§ **What is needed**: Pull every "bool" line out of the data below.

§ **Information provided**:
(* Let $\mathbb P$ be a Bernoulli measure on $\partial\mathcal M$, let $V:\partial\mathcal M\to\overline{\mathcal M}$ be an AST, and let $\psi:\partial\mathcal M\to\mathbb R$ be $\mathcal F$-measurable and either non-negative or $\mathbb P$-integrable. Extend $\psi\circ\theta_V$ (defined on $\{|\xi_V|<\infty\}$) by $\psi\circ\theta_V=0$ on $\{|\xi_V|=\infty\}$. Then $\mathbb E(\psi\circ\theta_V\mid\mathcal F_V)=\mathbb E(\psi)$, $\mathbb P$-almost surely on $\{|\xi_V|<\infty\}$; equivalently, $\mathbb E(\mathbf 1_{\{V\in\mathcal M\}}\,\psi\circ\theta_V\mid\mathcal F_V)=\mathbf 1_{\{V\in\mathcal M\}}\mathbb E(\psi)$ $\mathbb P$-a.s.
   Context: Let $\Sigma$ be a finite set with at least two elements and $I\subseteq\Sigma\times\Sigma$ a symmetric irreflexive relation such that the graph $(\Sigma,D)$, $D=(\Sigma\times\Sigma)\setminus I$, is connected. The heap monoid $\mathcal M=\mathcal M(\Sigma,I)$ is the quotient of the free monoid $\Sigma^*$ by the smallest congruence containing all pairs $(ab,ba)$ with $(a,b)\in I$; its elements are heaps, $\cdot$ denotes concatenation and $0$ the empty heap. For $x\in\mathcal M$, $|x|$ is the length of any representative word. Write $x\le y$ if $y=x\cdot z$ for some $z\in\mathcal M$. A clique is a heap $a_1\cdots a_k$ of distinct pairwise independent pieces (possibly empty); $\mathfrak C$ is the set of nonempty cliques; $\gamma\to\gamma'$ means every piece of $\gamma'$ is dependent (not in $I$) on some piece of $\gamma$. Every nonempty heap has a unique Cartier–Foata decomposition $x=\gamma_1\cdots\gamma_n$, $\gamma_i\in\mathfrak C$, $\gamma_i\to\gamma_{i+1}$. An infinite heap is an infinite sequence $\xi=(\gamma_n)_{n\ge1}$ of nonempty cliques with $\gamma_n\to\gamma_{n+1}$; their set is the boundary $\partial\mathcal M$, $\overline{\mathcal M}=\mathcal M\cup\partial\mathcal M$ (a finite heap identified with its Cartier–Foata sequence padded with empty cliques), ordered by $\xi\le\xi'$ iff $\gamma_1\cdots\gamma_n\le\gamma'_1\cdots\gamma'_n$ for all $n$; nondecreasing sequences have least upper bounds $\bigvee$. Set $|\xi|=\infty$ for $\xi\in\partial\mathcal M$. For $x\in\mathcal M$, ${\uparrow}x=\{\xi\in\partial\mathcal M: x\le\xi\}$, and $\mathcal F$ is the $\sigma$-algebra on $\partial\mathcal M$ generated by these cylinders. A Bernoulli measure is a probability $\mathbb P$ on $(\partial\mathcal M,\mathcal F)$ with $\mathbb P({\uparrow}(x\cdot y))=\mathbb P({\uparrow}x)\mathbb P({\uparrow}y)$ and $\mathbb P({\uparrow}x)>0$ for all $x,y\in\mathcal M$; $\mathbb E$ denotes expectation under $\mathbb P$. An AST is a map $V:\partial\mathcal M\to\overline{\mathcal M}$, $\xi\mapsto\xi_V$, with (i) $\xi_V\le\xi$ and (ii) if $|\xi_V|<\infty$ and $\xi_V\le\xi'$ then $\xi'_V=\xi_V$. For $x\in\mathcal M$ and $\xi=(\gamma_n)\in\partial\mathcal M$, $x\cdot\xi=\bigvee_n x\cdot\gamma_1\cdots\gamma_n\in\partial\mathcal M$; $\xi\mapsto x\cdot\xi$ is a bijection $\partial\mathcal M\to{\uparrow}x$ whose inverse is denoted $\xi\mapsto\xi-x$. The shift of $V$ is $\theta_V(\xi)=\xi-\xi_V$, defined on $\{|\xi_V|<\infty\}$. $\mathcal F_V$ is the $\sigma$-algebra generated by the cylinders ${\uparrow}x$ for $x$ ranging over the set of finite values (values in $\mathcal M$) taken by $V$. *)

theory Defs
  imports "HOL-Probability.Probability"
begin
---
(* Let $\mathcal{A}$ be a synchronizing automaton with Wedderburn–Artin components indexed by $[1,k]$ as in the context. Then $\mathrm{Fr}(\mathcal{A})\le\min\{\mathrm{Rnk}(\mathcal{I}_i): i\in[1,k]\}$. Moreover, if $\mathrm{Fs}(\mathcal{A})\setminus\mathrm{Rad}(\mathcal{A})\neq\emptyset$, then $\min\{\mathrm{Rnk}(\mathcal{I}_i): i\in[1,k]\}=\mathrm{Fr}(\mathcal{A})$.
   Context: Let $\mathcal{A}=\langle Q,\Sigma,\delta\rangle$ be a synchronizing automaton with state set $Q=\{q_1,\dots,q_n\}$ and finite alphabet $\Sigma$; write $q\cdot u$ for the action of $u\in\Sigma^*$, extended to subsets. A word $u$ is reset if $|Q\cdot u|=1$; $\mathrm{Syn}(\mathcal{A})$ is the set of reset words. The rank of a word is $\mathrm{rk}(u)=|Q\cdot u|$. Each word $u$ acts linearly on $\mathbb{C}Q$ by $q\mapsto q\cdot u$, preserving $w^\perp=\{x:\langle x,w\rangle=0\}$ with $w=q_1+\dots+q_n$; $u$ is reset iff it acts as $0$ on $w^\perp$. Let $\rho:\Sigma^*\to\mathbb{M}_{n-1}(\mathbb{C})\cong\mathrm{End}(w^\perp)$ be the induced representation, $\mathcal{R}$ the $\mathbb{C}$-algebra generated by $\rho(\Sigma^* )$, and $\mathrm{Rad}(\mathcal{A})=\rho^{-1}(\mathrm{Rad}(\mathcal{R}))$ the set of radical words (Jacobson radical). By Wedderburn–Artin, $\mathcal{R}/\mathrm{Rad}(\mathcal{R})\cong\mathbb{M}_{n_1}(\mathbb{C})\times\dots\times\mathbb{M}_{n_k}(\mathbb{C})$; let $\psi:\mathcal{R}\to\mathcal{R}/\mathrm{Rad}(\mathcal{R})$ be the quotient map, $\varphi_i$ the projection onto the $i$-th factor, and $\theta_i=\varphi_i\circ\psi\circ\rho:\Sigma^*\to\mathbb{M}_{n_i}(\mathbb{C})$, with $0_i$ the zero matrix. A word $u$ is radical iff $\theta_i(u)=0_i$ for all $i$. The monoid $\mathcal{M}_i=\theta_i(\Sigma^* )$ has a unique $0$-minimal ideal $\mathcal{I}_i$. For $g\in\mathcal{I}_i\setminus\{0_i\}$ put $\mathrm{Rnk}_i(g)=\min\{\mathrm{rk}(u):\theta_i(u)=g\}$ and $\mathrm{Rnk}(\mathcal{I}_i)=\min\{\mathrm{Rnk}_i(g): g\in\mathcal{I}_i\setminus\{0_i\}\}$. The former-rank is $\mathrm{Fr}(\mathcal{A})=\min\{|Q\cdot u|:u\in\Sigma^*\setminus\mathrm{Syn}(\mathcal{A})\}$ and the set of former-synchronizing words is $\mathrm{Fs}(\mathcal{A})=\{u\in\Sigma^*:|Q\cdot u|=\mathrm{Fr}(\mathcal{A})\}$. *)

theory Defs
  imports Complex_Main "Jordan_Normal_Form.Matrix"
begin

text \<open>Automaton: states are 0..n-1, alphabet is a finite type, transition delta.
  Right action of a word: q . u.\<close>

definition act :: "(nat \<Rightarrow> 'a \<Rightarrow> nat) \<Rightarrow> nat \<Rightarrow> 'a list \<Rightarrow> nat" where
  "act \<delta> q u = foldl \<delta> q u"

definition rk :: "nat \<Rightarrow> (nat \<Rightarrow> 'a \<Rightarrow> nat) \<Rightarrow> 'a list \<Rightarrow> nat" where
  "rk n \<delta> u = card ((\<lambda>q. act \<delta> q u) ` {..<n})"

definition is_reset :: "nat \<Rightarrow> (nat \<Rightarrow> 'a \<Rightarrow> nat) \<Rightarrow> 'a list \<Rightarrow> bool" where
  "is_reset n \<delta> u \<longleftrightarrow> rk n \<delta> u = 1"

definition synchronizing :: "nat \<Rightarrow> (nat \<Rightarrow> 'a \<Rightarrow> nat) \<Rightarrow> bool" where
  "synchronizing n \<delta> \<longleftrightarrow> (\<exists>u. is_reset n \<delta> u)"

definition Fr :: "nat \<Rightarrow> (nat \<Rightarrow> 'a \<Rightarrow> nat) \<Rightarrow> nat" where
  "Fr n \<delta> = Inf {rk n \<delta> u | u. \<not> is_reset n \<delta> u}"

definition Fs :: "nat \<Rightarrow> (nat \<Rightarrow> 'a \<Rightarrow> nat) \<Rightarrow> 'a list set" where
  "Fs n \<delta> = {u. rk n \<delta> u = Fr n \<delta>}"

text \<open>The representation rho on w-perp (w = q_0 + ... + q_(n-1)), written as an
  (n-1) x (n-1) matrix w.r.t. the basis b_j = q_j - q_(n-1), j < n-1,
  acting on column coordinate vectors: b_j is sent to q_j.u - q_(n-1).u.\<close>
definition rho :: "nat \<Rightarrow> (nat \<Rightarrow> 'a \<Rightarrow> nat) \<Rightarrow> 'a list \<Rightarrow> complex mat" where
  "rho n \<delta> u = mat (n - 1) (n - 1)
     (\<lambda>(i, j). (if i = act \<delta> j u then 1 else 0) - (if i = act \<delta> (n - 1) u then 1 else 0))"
--
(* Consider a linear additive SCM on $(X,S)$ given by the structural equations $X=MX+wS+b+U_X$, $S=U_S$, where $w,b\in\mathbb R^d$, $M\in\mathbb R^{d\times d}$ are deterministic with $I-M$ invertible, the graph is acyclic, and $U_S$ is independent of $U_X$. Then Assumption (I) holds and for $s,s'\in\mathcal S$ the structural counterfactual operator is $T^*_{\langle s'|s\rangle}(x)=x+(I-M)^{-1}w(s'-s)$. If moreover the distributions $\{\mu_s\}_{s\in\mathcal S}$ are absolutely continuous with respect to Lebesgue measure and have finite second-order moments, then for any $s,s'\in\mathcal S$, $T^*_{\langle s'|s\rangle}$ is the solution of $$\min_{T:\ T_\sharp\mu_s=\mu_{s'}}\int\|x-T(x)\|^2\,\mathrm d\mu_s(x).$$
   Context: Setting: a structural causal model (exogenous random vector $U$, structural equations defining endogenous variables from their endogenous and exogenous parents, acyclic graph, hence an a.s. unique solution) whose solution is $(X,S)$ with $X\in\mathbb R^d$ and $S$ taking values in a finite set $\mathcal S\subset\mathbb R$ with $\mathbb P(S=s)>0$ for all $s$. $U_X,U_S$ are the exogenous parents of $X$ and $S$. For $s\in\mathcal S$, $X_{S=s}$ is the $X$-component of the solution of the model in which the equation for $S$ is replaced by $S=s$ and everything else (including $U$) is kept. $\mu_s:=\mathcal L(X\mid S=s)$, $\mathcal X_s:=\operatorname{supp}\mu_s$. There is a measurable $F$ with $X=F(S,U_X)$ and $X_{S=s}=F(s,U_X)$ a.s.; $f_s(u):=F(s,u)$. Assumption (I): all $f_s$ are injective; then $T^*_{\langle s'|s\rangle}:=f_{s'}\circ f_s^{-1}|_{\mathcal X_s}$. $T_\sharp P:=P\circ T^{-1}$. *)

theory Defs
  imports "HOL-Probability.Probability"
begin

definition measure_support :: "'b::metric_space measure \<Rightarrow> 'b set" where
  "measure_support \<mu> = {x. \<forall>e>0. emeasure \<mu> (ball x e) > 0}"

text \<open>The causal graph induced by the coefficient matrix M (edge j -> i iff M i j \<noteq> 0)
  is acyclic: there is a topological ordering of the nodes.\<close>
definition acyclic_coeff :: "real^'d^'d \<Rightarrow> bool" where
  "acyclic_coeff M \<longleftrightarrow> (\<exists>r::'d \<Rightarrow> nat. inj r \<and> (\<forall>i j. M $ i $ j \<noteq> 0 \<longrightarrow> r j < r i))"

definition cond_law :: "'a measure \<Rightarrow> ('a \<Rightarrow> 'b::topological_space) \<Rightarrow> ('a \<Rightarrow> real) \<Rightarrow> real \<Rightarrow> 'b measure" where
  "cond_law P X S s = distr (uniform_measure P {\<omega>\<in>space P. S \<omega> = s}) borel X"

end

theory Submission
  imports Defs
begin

§ **Output for this exercise**:
definition is_reset :: "nat \<Rightarrow> (nat \<Rightarrow> 'a \<Rightarrow> nat) \<Rightarrow> 'a list \<Rightarrow> bool" where
definition synchronizing :: "nat \<Rightarrow> (nat \<Rightarrow> 'a \<Rightarrow> nat) \<Rightarrow> bool" where
definition acyclic_coeff :: "real^'d^'d \<Rightarrow> bool" where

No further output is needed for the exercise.